Thorin found her the next morning curled on the lounger just outside the bedroom door. "The king's valet does not go storming off, no matter what the circumstance," Meisar muttered low and officiously. Her dark dress and cloak were clean and pressed, her hair braided again.
She had not taken out the courtship braid. It was plaited again framing her face, down her flank and past her waist, a seamless, perfect plait clasped in stone.

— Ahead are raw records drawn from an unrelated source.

lemma power_le_g_mult_power:
  assumes r: "0 < r" "r < 1" and N: "1 \<le> (\<Sum>k=1..N. b k * r ^ k)"
  shows "r ^ N \<le> g n * r ^ n"
proof (induction n rule: less_induct)
  case (less n)
  show ?case
  proof (cases "n \<le> N")
    case True
    then have "r ^ N \<le> r ^ n"
      using r by (intro power_decreasing) auto
    also have "\<dots> \<le> g n * r ^ n"
      using g_ge_1[of n] r by simp
    finally show ?thesis .
  next
    case False
    have "r ^ N \<le> (\<Sum>k=1..N. b k * r ^ k * r ^ N)"
      using N r by (simp flip: sum_distrib_right)
    also have "\<dots> \<le> (\<Sum>k=1..N. b k * r ^ k * (g (n - k) * r ^ (n - k)))"
      using less False r b_nonneg by (intro sum_mono mult_left_mono) auto
    also have "\<dots> \<le> (\<Sum>k=1..n. b k * r ^ k * (g (n - k) * r ^ (n - k)))"
      using False r b_nonneg g_nonneg by (intro sum_mono2) auto
    also have "\<dots> = g n * r ^ n"
      using False by (simp add: g_mult_power)
    finally show ?thesis .
  qed
qed
lemma switched_exp_bound:
  fixes tt :: "nat \<Rightarrow> real" and V :: "real \<Rightarrow> real"
  assumes mono: "strict_mono tt" and "tt 0 = 0" and lim: "filterlim tt at_top sequentially"
    and S: "\<And>p. (\<Sum>q<p. tt (2*q+2) - tt (2*q+1)) \<le> S" and "r \<le> R" and "0 \<le> V 0"
    and even: "\<And>p s. s \<in> {tt (2*p)..tt (2*p+1)} \<Longrightarrow> V s \<le> V (tt (2*p)) * exp (r * (s - tt (2*p)))"
    and odd: "\<And>p s. s \<in> {tt (2*p+1)..tt (2*p+2)} \<Longrightarrow> V s \<le> V (tt (2*p+1)) * exp (R * (s - tt (2*p+1)))"
    and "0 \<le> t"
  shows "V t \<le> V 0 * exp (r * t + (R - r) * S)"
proof -
  define Q where "Q p = (\<Sum>q<p. tt (2*q+2) - tt (2*q+1))" for p
  have period: "V s \<le> V 0 * exp (r * s + (R - r) * Q (Suc p))"
    if "V (tt (2*p)) \<le> V 0 * exp (r * tt (2*p) + (R - r) * Q p)" and "s \<in> {tt (2*p)..tt (2*p+2)}" for p s
    using two_rate_exp_bound[OF _ _ \<open>r \<le> R\<close> \<open>0 \<le> V 0\<close> even odd that] strict_mono_leD[OF mono]
    by (simp add: Q_def)
  have start: "V (tt (2*p)) \<le> V 0 * exp (r * tt (2*p) + (R - r) * Q p)" for p
  proof (induction p)
    case 0
    then show ?case using \<open>tt 0 = 0\<close> by (simp add: Q_def)
  next
    case (Suc p)
    then show ?case
      using period[of p "tt (2*p+2)"] strict_mono_leD[OF mono, of "2*p" "2*p+2"] by simp
  qed
  obtain p where "t \<in> {tt (2*p)..tt (2*p+2)}"
    using strict_mono_period_containing[OF mono lim] \<open>tt 0 = 0\<close> \<open>0 \<le> t\<close> by auto
  then have "V t \<le> V 0 * exp (r * t + (R - r) * Q (Suc p))"
    by (rule period[OF start])
  also have "\<dots> \<le> V 0 * exp (r * t + (R - r) * S)"
    using S[of "Suc p"] \<open>r \<le> R\<close> \<open>0 \<le> V 0\<close>
    by (intro mult_left_mono) (auto intro: mult_left_mono simp: Q_def)
  finally show ?thesis .
qed
lemma two_S2:
  "2 * S2 p g = 3 * (\<Sum>j<p. 4 ^ j) + 1 - 2 ^ p - gauss_sum p 4
    - (\<Sum>j<p. Legendre (int (2 * j + 1)) (int p) * 2 ^ (2 * j + 1))"
proof -
  define c where "c i = Legendre (int (if even i then i div 2 else i)) (int p)" for i
  have "2 * S2 p g = (\<Sum>i<2 * p. (1 - c i) * 2 ^ i + (if i = 0 then 1 else 0) - (if i = p then 2 ^ i else 0))"
    unfolding S2_def sum_distrib_left
    by (intro sum.cong) (auto simp: mult.assoc[symmetric] two_seq_s c_def algebra_simps)
  also have "\<dots> = (\<Sum>i<2 * p. (1 - c i) * 2 ^ i) + 1 - 2 ^ p"
    using p_gt_2 by (simp add: sum.distrib sum_subtractf)
  also have "(\<Sum>i<2 * p. (1 - c i) * 2 ^ i)
      = (\<Sum>j<p. 3 * 4 ^ j - Legendre (int j) (int p) * 4 ^ j - Legendre (int (2 * j + 1)) (int p) * 2 ^ (2 * j + 1))"
  proof -
    have "(2::int) ^ (2 * j) = 4 ^ j" for j
      by (simp add: power_mult)
    then show ?thesis
      unfolding sum_lessThan_double by (intro sum.cong) (auto simp: c_def algebra_simps)
  qed
  finally show ?thesis
    by (simp add: gauss_sum_def sum_subtractf sum_distrib_left)
qed

lemma S2_cong:
  fixes u :: int
  assumes u: "[2 * u = 1] (mod (2 ^ (2 * p) - 1))"
  shows "[S2 p g = (1 - (2 ^ p + 1) * u) + (2 ^ p + 1) * u * ((2 ^ (2 * p) - 1) div 3)
    - u * (Legendre 2 (int p) * 2 ^ p + 1) * Gp p] (mod (2 ^ (2 * p) - 1))"
proof -
  define M :: int where "M = 2 ^ (2 * p) - 1"
  define T :: int where "T = (\<Sum>j<p. 4 ^ j)"
  define P :: int where "P = 2 ^ p"
  define L where "L = Legendre 2 (int p)"
  define G where "G = gauss_sum p 4"
  define H where "H = (\<Sum>j<p. Legendre (int (2 * j + 1)) (int p) * 2 ^ (2 * j + 1))"
  have M: "M = 3 * T"
    unfolding M_def T_def by (rule four_power_minus_1_eq)
  have H: "[H = L * P * G] (mod M)"
    using sum_odd_Legendre_cong[OF prime_p p_gt_2, of 2 M]
    by (simp add: H_def L_def P_def G_def M_def cong_iff_dvd_diff)
  have "[S2 p g = 2 * u * S2 p g] (mod M)"
    using cong_scalar_right[OF u[folded M_def], of "S2 p g"] by (simp add: cong_sym_eq)
  also have "2 * u * S2 p g = u * (3 * T + 1 - P - G - H)"
    using two_S2 by (simp add: T_def P_def G_def H_def)
  also have "[u * (3 * T + 1 - P - G - H) = u * (0 + 1 - P - G - L * P * G)] (mod M)"
    using H by (intro cong_scalar_left cong_diff cong_add) (simp_all add: M cong_0_iff)
  also have "u * (0 + 1 - P - G - L * P * G) = 2 * u - (P + 1) * u + 0 - u * (L * P + 1) * G"
    by (simp add: algebra_simps)
  also have "[\<dots> = 1 - (P + 1) * u + (P + 1) * u * T - u * (L * P + 1) * Gp p] (mod M)"
  proof (intro cong_diff cong_add cong_refl)
    show "[2 * u = 1] (mod M)"
      using u by (simp add: M_def)
    obtain c where "P + 1 = 3 * c"
      using three_dvd_two_power_odd_plus_1[OF odd_p] by (auto simp: P_def)
    then have "(P + 1) * u * T = M * (c * u)"
      by (simp add: M algebra_simps)
    then show "[0 = (P + 1) * u * T] (mod M)"
      unfolding cong_sym_eq[of 0] cong_0_iff by (rule dvdI)
    show "[u * (L * P + 1) * G = u * (L * P + 1) * Gp p] (mod M)"
      using Gp_cong[of p] by (intro cong_scalar_left) (simp add: G_def M_def cong_sym_eq)
  qed
  finally show ?thesis
    using M by (simp add: M_def P_def L_def T_def)
qed

end

theorem lemma9:
  fixes p :: nat and g :: int and u :: int
  assumes "prime p" and "odd p" and "odd g"
    and "residue_primroot p (nat (g mod int p))"
    and "residue_primroot (2*p) (nat (g mod int (2*p)))"
    and "[2 * u = 1] (mod (2 ^ (2*p) - 1))"
  shows "[S2 p g = (1 - (2 ^ p + 1) * u) + (2 ^ p + 1) * u * ((2 ^ (2*p) - 1) div 3)
            - u * (Legendre 2 (int p) * 2 ^ p + 1) * Gp p] (mod (2 ^ (2*p) - 1))
         \<and> [(Gp p) ^ 2 = Legendre (-1) (int p) * (int p - (2 ^ (2*p) - 1) div 3)]
            (mod (2 ^ (2*p) - 1))"
  using S2_cong[OF assms(1-4,6)] Gp_square_cong[OF assms(1,2)] by (rule conjI)

end
(* Let $(X,J)$ be the compact almost-complex manifold described in the context. Then $h^{1,0}_{\mathrm{Dol}}=1$ (spanned by $\Phi^1$), $h^{2,0}_{\mathrm{Dol}}=0$, $h^{3,0}_{\mathrm{Dol}}=0$.
   Context: General notions. For an almost-complex manifold $(X,J)$, $A^k(X)=\bigoplus_{p+q=k}A^{p,q}(X)$ and $d=\mu+\partial+\overline{\partial}+\bar\mu$ with $\mu:A^{p,q}\to A^{p+2,q-1}$, $\partial:A^{p,q}\to A^{p+1,q}$, $\overline{\partial}:A^{p,q}\to A^{p,q+1}$, $\bar\mu:A^{p,q}\to A^{p-1,q+2}$. The almost-complex Dolbeault cohomology (of Cirici–Wilson) in bidegree $(p,0)$ is $H^{p,0}_{\mathrm{Dol}}(X)=\{\psi\in A^{p,0}(X):\overline{\partial}\psi=0,\ \bar\mu\psi=0\}$, and $h^{p,0}_{\mathrm{Dol}}$ is its complex dimension. The manifold. Let $G$ be the Lie group $\mathbb{R}^2\ltimes_\Phi\mathbb{R}^4$ with coordinates $(t,x,y_1,y_2,z_1,z_2)$ and product $(t,x,y_1,y_2,z_1,z_2)*(t',x',y_1',y_2',z_1',z_2')=(t+t',x+x',y_1'e^t+xz_1'e^t+y_1,\,y_2'e^{-t}+xz_2'e^{-t}+y_2,\,z_1'e^t+z_1,\,z_2'e^{-t}+z_2)$. Let $B\in SL(2,\mathbb{Z})$ have distinct eigenvalues $e^{a_0},e^{-a_0}$ ($a_0>0$) and $P$ real invertible with $PBP^{-1}=\mathrm{diag}(e^{a_0},e^{-a_0})$. Let $\Gamma$ be the lattice of elements with $t\in a_0\mathbb{Z}$, $x\in\mathbb{Z}$, $(y_1,y_2)=(m_1,m_2)P^t$, $(z_1,z_2)=(n_1,n_2)P^t$, $m_i,n_i\in\mathbb{Z}$, and $X=\Gamma\backslash G$. Left-invariant $1$-forms: $e^1=dt$, $e^2=dx$, $e^3=e^{-t}dy_1-xe^{-t}dz_1$, $e^4=e^{t}dy_2-xe^{t}dz_2$, $e^5=e^{-t}dz_1$, $e^6=e^tdz_2$, with $de^1=de^2=0$, $de^3=-e^{13}-e^{25}$, $de^4=e^{14}-e^{26}$, $de^5=-e^{15}$, $de^6=e^{16}$. The structure. $J$ is the almost-complex structure on $X$ whose $(1,0)$-forms are spanned by $\Phi^1=e^1+ie^2$, $\Phi^2=e^3+ie^4$, $\Phi^3=e^5+ie^6$. *)

theory Defs
  imports "HOL-Analysis.Analysis" "HOL-Library.Function_Algebras"
begin
lemma orthogonal_matrix_transpose_mult_vec: "orthogonal_matrix Q \<Longrightarrow> transpose Q *v (Q *v x) = x"
  by (simp add: matrix_vector_mul_assoc orthogonal_matrix_def)

lemma orthogonal_matrix_mult_transpose_vec: "orthogonal_matrix Q \<Longrightarrow> Q *v (transpose Q *v x) = x"
  by (simp add: matrix_vector_mul_assoc orthogonal_matrix_def)

lemma SO3_orthogonal_matrix: "X \<in> SO3 \<Longrightarrow> orthogonal_matrix X"
  by (simp add: SO3_def rotation_matrix_def)

lemma norm_diff_mult_add_sq:
  fixes B :: "real^'n^'m"
  shows "(norm (a - B *v (c + d)))\<^sup>2 =
    (norm (a - B *v c))\<^sup>2 - 2 * (d \<bullet> (transpose B *v (a - B *v c))) + d \<bullet> (transpose B *v (B *v d))"
proof -
  have sq: "(norm (u - v))\<^sup>2 = (norm u)\<^sup>2 - 2 * (v \<bullet> u) + v \<bullet> v" for u v :: "real^'m"
    by (simp add: power2_norm_eq_inner inner_diff_left inner_diff_right inner_commute)
  have split: "a - B *v (c + d) = (a - B *v c) - B *v d" by (simp add: matrix_vector_right_distrib)
  show ?thesis
    unfolding split using sq[of "a - B *v c" "B *v d"] inner_matrix_vector_transpose[of B d "a - B *v c"]
      inner_matrix_vector_transpose[of B d "B *v d"] by simp
qed

lemma sum_ones_inner: "ones \<bullet> (c::real^'k::finite) = (\<Sum>k\<in>UNIV. c $ k)"
  by (simp add: ones_def inner_vec_def)

lemma ones_neq_zero: "(ones::real^'k::finite) \<noteq> 0"
  by (simp add: ones_def vec_eq_iff)

lemma outer_mult_vec: "outer u v *v x = (v \<bullet> x) *\<^sub>R (u::real^_)"
  by (simp add: outer_def matrix_vector_mult_def vec_eq_iff inner_vec_def sum_distrib_left algebra_simps)

section \<open>The regularised weighted least-squares problem in the shape coefficients\<close>

definition normal_matrix :: "nat \<Rightarrow> nat \<Rightarrow> (nat \<Rightarrow> real^'k^3) \<Rightarrow> (nat \<Rightarrow> nat \<Rightarrow> real) \<Rightarrow> real
    \<Rightarrow> real^'k^'k::finite" where
  "normal_matrix T N B w lam = (\<Sum>t\<in>{1..T}. \<Sum>i\<in>{1..N}. w t i *\<^sub>R (transpose (B i) ** B i)) + lam *\<^sub>R mat 1"

definition fit_cost :: "nat \<Rightarrow> nat \<Rightarrow> (nat \<Rightarrow> real^'k^3) \<Rightarrow> (nat \<Rightarrow> nat \<Rightarrow> real) \<Rightarrow> real
    \<Rightarrow> (nat \<Rightarrow> nat \<Rightarrow> real^3) \<Rightarrow> real^'k::finite \<Rightarrow> real" where
  "fit_cost T N B w lam a c =
     (\<Sum>t\<in>{1..T}. \<Sum>i\<in>{1..N}. w t i * (norm (a t i - B i *v c))\<^sup>2) + lam * (norm (c - cbar))\<^sup>2"

definition fit_rhs :: "nat \<Rightarrow> nat \<Rightarrow> (nat \<Rightarrow> real^'k^3) \<Rightarrow> (nat \<Rightarrow> nat \<Rightarrow> real) \<Rightarrow> real
    \<Rightarrow> (nat \<Rightarrow> nat \<Rightarrow> real^3) \<Rightarrow> real^'k::finite" where
  "fit_rhs T N B w lam a = (\<Sum>t\<in>{1..T}. \<Sum>i\<in>{1..N}. w t i *\<^sub>R (transpose (B i) *v a t i)) + lam *\<^sub>R cbar"

definition fit_solution :: "nat \<Rightarrow> nat \<Rightarrow> (nat \<Rightarrow> real^'k^3) \<Rightarrow> (nat \<Rightarrow> nat \<Rightarrow> real) \<Rightarrow> real
    \<Rightarrow> (nat \<Rightarrow> nat \<Rightarrow> real^3) \<Rightarrow> real^'k::finite" where
  "fit_solution T N B w lam a = 2 *\<^sub>R (Gmat T N B w lam *v fit_rhs T N B w lam a) + gvec T N B w lam"

lemma normal_matrix_mult_vec: "normal_matrix T N B w lam *v x =
   (\<Sum>t\<in>{1..T}. \<Sum>i\<in>{1..N}. w t i *\<^sub>R (transpose (B i) *v (B i *v x))) + lam *\<^sub>R x"
  by (simp add: normal_matrix_def matrix_vector_mult_add_rdistrib matrix_vector_mult_sum_left
      scaleR_matrix_vector_assoc[symmetric] matrix_vector_mul_assoc)

lemma inner_normal_matrix: "x \<bullet> (normal_matrix T N B w lam *v x) =
   (\<Sum>t\<in>{1..T}. \<Sum>i\<in>{1..N}. w t i * (norm (B i *v x))\<^sup>2) + lam * (norm x)\<^sup>2"
  by (simp add: normal_matrix_mult_vec inner_sum_right inner_add_right power2_norm_eq_inner
      inner_matrix_vector_transpose)

lemma Hmat_eq_normal_matrix_inv: "Hmat T N B w lam = (1/2) *\<^sub>R matrix_inv (normal_matrix T N B w lam)"
  by (simp add: Hmat_def normal_matrix_def)

lemma fit_rhs_diff: "fit_rhs T N B w lam a - normal_matrix T N B w lam *v c =
  (\<Sum>t\<in>{1..T}. \<Sum>i\<in>{1..N}. w t i *\<^sub>R (transpose (B i) *v (a t i - B i *v c))) + lam *\<^sub>R (cbar - c)"
  by (simp add: fit_rhs_def normal_matrix_mult_vec matrix_vector_mult_diff_distrib scaleR_diff_right
      sum_subtractf algebra_simps)

lemma fit_cost_add: "fit_cost T N B w lam a (c + d) =
   fit_cost T N B w lam a c - 2 * (d \<bullet> (fit_rhs T N B w lam a - normal_matrix T N B w lam *v c))
   + d \<bullet> (normal_matrix T N B w lam *v d)"
proof -
  have reg: "(norm (c + d - cbar))\<^sup>2 = (norm (c - cbar))\<^sup>2 - 2 * (d \<bullet> (cbar - c)) + d \<bullet> d"
    by (simp add: power2_norm_eq_inner inner_diff_left inner_diff_right inner_add_left
        inner_add_right inner_commute)
  have "fit_cost T N B w lam a (c + d) = fit_cost T N B w lam a c
     - 2 * ((\<Sum>t\<in>{1..T}. \<Sum>i\<in>{1..N}. w t i * (d \<bullet> (transpose (B i) *v (a t i - B i *v c))))
            + lam * (d \<bullet> (cbar - c)))
     + ((\<Sum>t\<in>{1..T}. \<Sum>i\<in>{1..N}. w t i * (d \<bullet> (transpose (B i) *v (B i *v d)))) + lam * (d \<bullet> d))"
    unfolding fit_cost_def norm_diff_mult_add_sq reg
    by (simp add: algebra_simps sum.distrib sum_subtractf sum_distrib_left)
  also have "\<dots> = fit_cost T N B w lam a c
     - 2 * (d \<bullet> (fit_rhs T N B w lam a - normal_matrix T N B w lam *v c))
     + d \<bullet> (normal_matrix T N B w lam *v d)"
    by (simp only: fit_rhs_diff) (simp add: normal_matrix_mult_vec inner_sum_right inner_add_right)
  finally show ?thesis .
qed

locale weighted_fit =
  fixes T N :: nat and B :: "nat \<Rightarrow> real^'k::finite^3" and w :: "nat \<Rightarrow> nat \<Rightarrow> real" and lam :: real
  assumes weights_nonneg: "\<forall>t\<in>{1..T}. \<forall>i\<in>{1..N}. w t i \<ge> 0" and lam_pos: "lam > 0"
begin

abbreviation "M \<equiv> normal_matrix T N B w lam"
abbreviation "H \<equiv> Hmat T N B w lam"

lemma inner_normal_matrix_ge: "x \<bullet> (M *v x) \<ge> lam * (norm x)\<^sup>2"
proof -
  have "(\<Sum>t\<in>{1..T}. \<Sum>i\<in>{1..N}. w t i * (norm (B i *v x))\<^sup>2) \<ge> 0"
    using weights_nonneg by (intro sum_nonneg) auto
  then show ?thesis by (simp add: inner_normal_matrix)
qed

lemma invertible_normal_matrix: "invertible M"
proof -
  have "x = 0" if "M *v x = 0" for x
  proof -
    have "lam * (norm x)\<^sup>2 \<le> 0" using inner_normal_matrix_ge[of x] that by simp
    then show ?thesis using lam_pos by (simp add: mult_le_0_iff)
  qed
  then show ?thesis by (simp add: invertible_left_inverse matrix_left_invertible_ker)
qed
(* Let $k$ be a positive integer and let $G$ be a $3$-graph with $\lambda(G)>\lambda(K_{k+1}^3)$, and let $\vec x$ be an optimal weight vector of $G$. Then every vertex $v\in V(G)$ whose link graph satisfies $\omega(G_v)\leq k$ has weight $x_v<\frac{1}{k+1}$.
   Context: For a $3$-graph $G$ on vertex set $[n]$ and $\vec x\in\Delta=\{\vec x\in[0,1]^n:\sum_i x_i=1\}$, put $\lambda(G,\vec x)=\sum_{e\in E(G)}\prod_{i\in e}x_i$ and $\lambda(G)=\max_{\vec x\in\Delta}\lambda(G,\vec x)$ (the Lagrangian). A vector $\vec x\in\Delta$ with $\lambda(G,\vec x)=\lambda(G)$ is an optimal weight vector, and $x_v$ is the weight of vertex $v$. The link graph of $v$ is the $2$-graph $G_v=\{ab: vab\in E(G)\}$, and $\omega(\cdot)$ denotes the order of a maximum clique of a $2$-graph. $K_m^3$ is the complete $3$-graph on $m$ vertices. *)

theory Defs
  imports Complex_Main
begin

definition is_3graph :: "nat \<Rightarrow> nat set set \<Rightarrow> bool" where
  "is_3graph n E \<longleftrightarrow> (\<forall>e\<in>E. e \<subseteq> {1..n} \<and> card e = 3)"

definition simplex :: "nat \<Rightarrow> (nat \<Rightarrow> real) set" where
  "simplex n = {x. (\<forall>i\<in>{1..n}. 0 \<le> x i \<and> x i \<le> 1) \<and> (\<Sum>i\<in>{1..n}. x i) = 1}"

definition lam :: "nat set set \<Rightarrow> (nat \<Rightarrow> real) \<Rightarrow> real" where
  "lam E x = (\<Sum>e\<in>E. \<Prod>i\<in>e. x i)"

definition lagrangian :: "nat \<Rightarrow> nat set set \<Rightarrow> real" where
  "lagrangian n E = Sup (lam E ` simplex n)"

definition optimal_weight :: "nat \<Rightarrow> nat set set \<Rightarrow> (nat \<Rightarrow> real) \<Rightarrow> bool" where
  "optimal_weight n E x \<longleftrightarrow> x \<in> simplex n \<and> lam E x = lagrangian n E"

definition complete3 :: "nat \<Rightarrow> nat set set" where
  "complete3 m = {e. e \<subseteq> {1..m} \<and> card e = 3}"

definition link :: "nat set set \<Rightarrow> nat \<Rightarrow> nat set set" where
  "link E v = {{a, b} | a b. {v, a, b} \<in> E}"

definition is_clique :: "nat set set \<Rightarrow> nat set \<Rightarrow> bool" where
  "is_clique L S \<longleftrightarrow> (\<forall>a\<in>S. \<forall>b\<in>S. a \<noteq> b \<longrightarrow> {a, b} \<in> L)"

definition clique_number :: "nat \<Rightarrow> nat set set \<Rightarrow> nat" where
  "clique_number n L = Max {card S | S. S \<subseteq> {1..n} \<and> is_clique L S}"

end

(*
  At an optimal weight vector x, the vector y = c x - (c - 1) e_v stays in the simplex for
  c slightly above 1.  The Lagrangian is homogeneous of degree 3 and affine in the weight of v
  with slope lambda(G_v, x), so lambda(G, y) = c^3 lambda(G) - (c - 1) c^2 lambda(G_v, x),
  and lambda(G, y) <= lambda(G) gives 3 lambda(G) <= lambda(G_v, x) as c decreases to 1.
  Since omega(G_v) <= k, the Motzkin--Straus bound gives
  lambda(G_v, x) <= (1 - 1/k)/2 (1 - x_v)^2.  If x_v >= 1/(k + 1), the right-hand side is at
  most k (k - 1) / (2 (k + 1)^2), which is 3 times the value of K_{k+1}^3 at the uniform
  weighting, contradicting lambda(G) > lambda(K_{k+1}^3).
*)

theory Submission
  imports Defs "HOL-Analysis.Convex"
begin

lemma prod_fun_upd:
  assumes "finite e"
  shows "prod (y(i := a)) e = (if i \<in> e then a * prod y (e - {i}) else prod y e)"
  using assms by (auto simp: prod.remove intro!: prod.cong)

lemma prod_transfer_weight:
  fixes y :: "'a \<Rightarrow> 'b::comm_ring_1"
  assumes "finite e" "\<not> {i, j} \<subseteq> e"
  shows "prod (y(i := y i + t, j := y j - t)) e
    = prod y e + t * ((if i \<in> e then prod y (e - {i}) else 0) - (if j \<in> e then prod y (e - {j}) else 0))"
  using assms by (simp add: prod_fun_upd prod.remove del: fun_upd_apply) (auto simp: algebra_simps)

lemma real_choose_3: "real (m choose 3) = real m * (real m - 1) * (real m - 2) / 6"
  by (simp add: binomial_gbinomial gbinomial_prod_rev numeral_3_eq_3 fact_numeral
      prod.atLeast0_lessThan_Suc)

"I thought you did not mind sharing my bed," he muttered sarcastically. Meisar looked up at him, unimpressed with his brooding. His hair fell mussed about his face. Desire thumped at her. She pushed it down into her chest.
Meisar scowled at him. "Did Rhor ever tell you how he lost those fingers?"
"No."
Rhor was a foul old dwarf with a most indecent disposition, despised by all in Ered Luin. Twice had he been brought before Thorin in his halls in Ered Luin for his lewdness. He shuddered at the very thought of him.
"He tried to stick them in me one night."
Thorin grunted apologetically, unable to form the words on his tongue, uttered so rarely they were. Gazing down at Meisar an unfamiliar pang of regret bloomed in him. "Had I known," he muttered finally, "I would not have been so… forward."
The look in Meisar's eyes was not quite satisfied. The apologetic flush deepened, and Thorin rumbled to himself inside, disliking the sensation of it immensely. "Or best I would have refrained altogether."
Meisar cocked her head at him with palatable relief, even pleasant surprise. Remembering the hard heat of him pushed against her. How she could have devoured him with her own.